# Problem:
Exactly the lines from the one containing "by (rule mult_le_mono2)" to the final line below should be output, and no others.

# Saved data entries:
^^^^^^^^
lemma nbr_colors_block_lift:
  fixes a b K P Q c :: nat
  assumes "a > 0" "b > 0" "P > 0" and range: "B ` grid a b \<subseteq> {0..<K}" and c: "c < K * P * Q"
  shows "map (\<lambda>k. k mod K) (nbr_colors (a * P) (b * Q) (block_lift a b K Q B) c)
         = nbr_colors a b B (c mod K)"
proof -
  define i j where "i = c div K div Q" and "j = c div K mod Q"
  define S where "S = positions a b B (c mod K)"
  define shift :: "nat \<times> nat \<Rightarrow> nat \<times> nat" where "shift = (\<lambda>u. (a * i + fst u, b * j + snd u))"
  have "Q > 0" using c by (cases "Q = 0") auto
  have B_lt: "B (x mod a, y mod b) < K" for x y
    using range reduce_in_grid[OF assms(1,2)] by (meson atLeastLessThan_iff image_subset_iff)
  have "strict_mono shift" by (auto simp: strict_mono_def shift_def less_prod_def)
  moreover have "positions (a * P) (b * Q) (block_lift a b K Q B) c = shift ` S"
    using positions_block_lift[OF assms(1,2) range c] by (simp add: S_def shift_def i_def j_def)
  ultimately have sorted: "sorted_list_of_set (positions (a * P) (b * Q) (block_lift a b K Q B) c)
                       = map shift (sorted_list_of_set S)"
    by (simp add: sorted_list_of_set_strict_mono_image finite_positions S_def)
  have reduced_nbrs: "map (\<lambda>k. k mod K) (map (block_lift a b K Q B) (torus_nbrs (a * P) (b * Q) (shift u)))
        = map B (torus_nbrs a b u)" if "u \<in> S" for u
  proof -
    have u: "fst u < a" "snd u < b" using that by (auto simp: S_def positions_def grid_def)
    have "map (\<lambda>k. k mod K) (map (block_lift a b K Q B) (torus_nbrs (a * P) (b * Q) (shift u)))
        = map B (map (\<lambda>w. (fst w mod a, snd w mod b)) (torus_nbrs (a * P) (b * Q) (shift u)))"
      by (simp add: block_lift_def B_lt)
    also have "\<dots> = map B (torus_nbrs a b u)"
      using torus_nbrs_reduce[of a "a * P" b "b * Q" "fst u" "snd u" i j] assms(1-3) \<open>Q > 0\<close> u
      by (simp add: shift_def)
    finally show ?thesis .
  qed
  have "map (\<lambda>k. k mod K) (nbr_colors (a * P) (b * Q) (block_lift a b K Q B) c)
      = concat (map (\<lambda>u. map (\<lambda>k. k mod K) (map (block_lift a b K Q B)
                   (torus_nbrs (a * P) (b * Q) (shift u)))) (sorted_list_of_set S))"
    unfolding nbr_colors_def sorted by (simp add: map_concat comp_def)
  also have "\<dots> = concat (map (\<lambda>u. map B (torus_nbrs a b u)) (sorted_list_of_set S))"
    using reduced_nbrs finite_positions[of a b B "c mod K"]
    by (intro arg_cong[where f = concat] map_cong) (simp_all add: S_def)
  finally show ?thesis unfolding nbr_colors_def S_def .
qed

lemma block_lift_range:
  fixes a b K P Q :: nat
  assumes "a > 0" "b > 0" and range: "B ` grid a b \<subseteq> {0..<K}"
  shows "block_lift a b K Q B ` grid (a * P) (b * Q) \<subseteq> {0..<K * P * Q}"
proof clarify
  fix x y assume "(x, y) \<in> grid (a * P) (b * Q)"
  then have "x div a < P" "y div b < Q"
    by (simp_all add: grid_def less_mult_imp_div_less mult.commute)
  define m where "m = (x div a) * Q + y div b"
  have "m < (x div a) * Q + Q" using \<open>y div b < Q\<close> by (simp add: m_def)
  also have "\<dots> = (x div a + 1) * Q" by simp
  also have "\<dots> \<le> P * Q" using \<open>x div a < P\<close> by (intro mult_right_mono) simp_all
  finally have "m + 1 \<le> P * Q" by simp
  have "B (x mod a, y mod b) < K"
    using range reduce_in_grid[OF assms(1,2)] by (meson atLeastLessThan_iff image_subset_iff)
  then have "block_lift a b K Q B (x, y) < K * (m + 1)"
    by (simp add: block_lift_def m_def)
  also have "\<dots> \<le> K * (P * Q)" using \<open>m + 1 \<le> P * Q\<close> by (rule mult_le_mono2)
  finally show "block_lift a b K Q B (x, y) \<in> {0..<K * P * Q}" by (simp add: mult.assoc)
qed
^^^^^^^^
# Task solution:
  also have "\<dots> \<le> K * (P * Q)" using \<open>m + 1 \<le> P * Q\<close> by (rule mult_le_mono2)
  finally show "block_lift a b K Q B (x, y) \<in> {0..<K * P * Q}" by (simp add: mult.assoc)
qed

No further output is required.